• What you will do: Only one portion of the data is to be written out: from the line bearing "are square (their" through the line bearing "2-morphism is invertible". Write it exactly as it appears.

The data Start Marker

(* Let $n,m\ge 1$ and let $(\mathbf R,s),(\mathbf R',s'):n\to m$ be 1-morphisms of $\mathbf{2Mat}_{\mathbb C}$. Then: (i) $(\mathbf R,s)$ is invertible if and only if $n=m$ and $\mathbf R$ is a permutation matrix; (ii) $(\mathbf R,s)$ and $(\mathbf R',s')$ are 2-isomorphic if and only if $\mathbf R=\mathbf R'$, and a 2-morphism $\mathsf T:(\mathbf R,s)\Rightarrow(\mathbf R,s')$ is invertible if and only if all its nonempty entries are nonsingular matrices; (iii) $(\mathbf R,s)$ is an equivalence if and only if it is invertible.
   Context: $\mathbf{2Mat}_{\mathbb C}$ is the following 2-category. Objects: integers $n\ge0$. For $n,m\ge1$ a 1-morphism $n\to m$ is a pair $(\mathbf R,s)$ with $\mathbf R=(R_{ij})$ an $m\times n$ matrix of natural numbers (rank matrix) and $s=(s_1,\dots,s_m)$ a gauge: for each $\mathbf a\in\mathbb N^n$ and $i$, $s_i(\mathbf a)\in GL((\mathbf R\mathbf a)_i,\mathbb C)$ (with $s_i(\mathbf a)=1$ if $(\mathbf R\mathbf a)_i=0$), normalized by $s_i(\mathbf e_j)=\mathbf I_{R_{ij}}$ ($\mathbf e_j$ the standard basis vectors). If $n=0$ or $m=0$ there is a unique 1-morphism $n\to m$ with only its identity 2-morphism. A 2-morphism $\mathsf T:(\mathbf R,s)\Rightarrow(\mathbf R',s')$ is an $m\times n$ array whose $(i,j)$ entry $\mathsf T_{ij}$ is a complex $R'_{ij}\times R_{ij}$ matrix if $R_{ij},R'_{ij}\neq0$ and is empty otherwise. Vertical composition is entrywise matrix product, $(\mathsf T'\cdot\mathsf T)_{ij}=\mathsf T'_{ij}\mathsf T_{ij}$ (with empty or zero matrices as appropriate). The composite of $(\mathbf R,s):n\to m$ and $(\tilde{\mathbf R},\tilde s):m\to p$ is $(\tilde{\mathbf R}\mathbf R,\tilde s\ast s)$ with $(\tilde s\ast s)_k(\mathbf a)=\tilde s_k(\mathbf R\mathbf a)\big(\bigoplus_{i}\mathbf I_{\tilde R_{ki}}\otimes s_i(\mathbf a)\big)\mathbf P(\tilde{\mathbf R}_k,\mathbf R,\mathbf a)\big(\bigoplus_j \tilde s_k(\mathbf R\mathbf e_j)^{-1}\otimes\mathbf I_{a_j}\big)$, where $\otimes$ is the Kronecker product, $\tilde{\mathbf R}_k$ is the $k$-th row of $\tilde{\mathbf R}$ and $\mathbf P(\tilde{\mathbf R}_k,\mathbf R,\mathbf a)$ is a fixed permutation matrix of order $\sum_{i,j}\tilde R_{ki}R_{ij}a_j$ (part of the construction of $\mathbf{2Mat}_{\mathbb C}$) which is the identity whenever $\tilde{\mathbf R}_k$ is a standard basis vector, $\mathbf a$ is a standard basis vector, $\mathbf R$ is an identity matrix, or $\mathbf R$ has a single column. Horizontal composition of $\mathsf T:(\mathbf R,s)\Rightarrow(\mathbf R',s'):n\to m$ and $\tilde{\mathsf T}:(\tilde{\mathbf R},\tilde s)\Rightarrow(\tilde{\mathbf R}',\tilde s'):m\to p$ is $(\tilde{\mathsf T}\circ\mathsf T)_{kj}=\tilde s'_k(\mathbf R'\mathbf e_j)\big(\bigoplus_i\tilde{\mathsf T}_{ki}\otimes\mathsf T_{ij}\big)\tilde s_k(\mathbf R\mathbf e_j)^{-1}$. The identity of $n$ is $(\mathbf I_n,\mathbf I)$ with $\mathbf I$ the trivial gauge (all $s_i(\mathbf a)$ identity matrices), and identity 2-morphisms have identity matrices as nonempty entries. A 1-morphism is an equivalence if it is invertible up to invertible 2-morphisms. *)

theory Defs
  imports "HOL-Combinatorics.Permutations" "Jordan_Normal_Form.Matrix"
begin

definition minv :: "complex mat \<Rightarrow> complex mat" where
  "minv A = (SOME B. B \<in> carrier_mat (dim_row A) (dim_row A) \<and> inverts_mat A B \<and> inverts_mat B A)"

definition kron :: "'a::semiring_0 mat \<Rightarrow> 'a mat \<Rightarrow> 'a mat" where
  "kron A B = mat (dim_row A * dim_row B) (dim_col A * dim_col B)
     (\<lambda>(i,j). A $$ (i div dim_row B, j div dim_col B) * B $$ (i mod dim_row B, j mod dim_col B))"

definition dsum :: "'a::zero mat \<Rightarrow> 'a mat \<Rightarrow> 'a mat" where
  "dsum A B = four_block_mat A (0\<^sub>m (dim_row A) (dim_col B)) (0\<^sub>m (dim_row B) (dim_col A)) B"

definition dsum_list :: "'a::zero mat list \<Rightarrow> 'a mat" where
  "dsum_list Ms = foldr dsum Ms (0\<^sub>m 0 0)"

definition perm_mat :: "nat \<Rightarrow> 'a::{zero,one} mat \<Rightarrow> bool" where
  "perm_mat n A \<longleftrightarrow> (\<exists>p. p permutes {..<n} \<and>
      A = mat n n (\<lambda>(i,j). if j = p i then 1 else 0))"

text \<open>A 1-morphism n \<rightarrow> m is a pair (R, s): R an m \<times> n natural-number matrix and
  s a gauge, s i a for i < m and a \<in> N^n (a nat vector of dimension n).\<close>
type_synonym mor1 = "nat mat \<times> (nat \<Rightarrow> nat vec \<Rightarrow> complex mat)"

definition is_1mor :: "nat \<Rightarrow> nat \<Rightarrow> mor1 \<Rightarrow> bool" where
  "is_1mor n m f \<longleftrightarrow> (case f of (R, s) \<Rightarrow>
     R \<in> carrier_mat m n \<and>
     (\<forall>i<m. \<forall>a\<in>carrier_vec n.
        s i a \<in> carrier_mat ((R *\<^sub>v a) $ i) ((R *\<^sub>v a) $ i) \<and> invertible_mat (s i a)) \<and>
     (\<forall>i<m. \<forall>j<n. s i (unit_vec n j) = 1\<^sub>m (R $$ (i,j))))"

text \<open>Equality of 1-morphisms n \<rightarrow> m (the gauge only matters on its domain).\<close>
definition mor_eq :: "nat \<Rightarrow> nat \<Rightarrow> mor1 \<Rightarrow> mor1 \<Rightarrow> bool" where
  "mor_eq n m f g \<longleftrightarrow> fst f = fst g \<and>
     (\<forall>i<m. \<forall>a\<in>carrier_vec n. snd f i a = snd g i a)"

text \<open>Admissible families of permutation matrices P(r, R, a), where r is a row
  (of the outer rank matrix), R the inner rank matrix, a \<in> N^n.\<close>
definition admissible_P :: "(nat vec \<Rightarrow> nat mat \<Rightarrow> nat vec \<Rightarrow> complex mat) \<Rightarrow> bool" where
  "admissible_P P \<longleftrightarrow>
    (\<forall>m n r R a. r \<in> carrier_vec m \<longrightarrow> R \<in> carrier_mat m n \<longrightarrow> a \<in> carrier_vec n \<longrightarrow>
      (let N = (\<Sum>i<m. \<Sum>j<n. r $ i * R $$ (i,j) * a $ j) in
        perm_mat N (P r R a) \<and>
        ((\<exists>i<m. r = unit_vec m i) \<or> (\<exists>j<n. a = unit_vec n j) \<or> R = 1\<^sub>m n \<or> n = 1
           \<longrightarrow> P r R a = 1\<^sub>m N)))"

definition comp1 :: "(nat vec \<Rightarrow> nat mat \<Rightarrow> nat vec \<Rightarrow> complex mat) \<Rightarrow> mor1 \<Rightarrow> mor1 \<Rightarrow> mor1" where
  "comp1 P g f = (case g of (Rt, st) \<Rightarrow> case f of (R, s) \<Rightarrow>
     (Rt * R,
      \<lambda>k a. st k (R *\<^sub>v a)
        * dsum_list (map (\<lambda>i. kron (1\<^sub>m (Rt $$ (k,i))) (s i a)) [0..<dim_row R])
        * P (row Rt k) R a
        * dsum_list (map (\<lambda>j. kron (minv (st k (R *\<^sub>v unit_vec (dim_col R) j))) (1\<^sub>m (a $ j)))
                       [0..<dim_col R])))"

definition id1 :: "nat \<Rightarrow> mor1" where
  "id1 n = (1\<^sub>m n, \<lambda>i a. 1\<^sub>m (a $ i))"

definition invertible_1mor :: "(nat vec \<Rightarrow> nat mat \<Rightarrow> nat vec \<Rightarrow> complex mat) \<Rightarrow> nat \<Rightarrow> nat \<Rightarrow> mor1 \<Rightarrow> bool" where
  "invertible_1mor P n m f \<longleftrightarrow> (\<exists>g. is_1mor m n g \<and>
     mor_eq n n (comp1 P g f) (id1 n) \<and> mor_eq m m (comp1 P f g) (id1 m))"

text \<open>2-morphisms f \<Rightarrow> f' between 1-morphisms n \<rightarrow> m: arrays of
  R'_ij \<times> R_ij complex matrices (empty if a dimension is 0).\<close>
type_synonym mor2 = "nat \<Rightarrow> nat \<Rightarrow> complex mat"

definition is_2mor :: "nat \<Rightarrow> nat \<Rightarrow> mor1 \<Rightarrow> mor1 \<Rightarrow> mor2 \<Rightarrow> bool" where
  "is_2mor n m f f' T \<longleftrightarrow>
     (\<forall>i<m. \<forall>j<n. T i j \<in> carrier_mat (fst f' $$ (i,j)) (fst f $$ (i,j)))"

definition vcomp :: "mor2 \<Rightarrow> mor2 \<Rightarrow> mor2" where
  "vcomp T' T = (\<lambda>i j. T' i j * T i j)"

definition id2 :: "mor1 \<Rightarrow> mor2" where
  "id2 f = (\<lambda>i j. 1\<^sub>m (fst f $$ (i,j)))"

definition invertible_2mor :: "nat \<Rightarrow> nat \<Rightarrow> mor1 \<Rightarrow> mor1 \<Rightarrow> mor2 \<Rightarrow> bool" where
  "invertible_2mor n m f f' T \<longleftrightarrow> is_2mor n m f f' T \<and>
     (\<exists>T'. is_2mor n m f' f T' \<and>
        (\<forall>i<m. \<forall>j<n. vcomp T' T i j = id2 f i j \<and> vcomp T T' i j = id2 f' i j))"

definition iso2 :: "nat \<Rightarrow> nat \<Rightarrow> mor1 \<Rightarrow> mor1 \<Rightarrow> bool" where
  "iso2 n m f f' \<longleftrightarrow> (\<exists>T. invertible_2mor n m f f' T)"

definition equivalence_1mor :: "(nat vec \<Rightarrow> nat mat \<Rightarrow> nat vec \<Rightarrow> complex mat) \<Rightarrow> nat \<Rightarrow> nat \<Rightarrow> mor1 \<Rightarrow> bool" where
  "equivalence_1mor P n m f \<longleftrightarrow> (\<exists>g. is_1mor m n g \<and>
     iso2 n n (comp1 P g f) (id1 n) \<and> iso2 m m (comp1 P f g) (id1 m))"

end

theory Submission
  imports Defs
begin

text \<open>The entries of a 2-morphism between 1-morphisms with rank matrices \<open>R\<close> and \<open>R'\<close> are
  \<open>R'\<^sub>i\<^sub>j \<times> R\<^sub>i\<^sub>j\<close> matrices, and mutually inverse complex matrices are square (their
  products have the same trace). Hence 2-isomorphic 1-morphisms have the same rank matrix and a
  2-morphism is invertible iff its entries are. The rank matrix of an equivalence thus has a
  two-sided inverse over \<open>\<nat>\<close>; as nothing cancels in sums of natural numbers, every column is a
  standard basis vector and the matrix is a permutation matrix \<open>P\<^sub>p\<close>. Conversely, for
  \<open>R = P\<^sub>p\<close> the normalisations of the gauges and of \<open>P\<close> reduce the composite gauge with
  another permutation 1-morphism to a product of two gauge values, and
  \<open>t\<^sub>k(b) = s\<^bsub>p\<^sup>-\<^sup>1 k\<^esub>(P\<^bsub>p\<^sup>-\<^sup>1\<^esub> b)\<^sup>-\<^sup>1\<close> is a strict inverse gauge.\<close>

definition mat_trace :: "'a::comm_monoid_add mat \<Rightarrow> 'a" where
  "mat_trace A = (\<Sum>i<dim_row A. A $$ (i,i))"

The data End Marker

• Result of this task:
  \<open>R'\<^sub>i\<^sub>j \<times> R\<^sub>i\<^sub>j\<close> matrices, and mutually inverse complex matrices are square (their
  products have the same trace). Hence 2-isomorphic 1-morphisms have the same rank matrix and a
  2-morphism is invertible iff its entries are. The rank matrix of an equivalence thus has a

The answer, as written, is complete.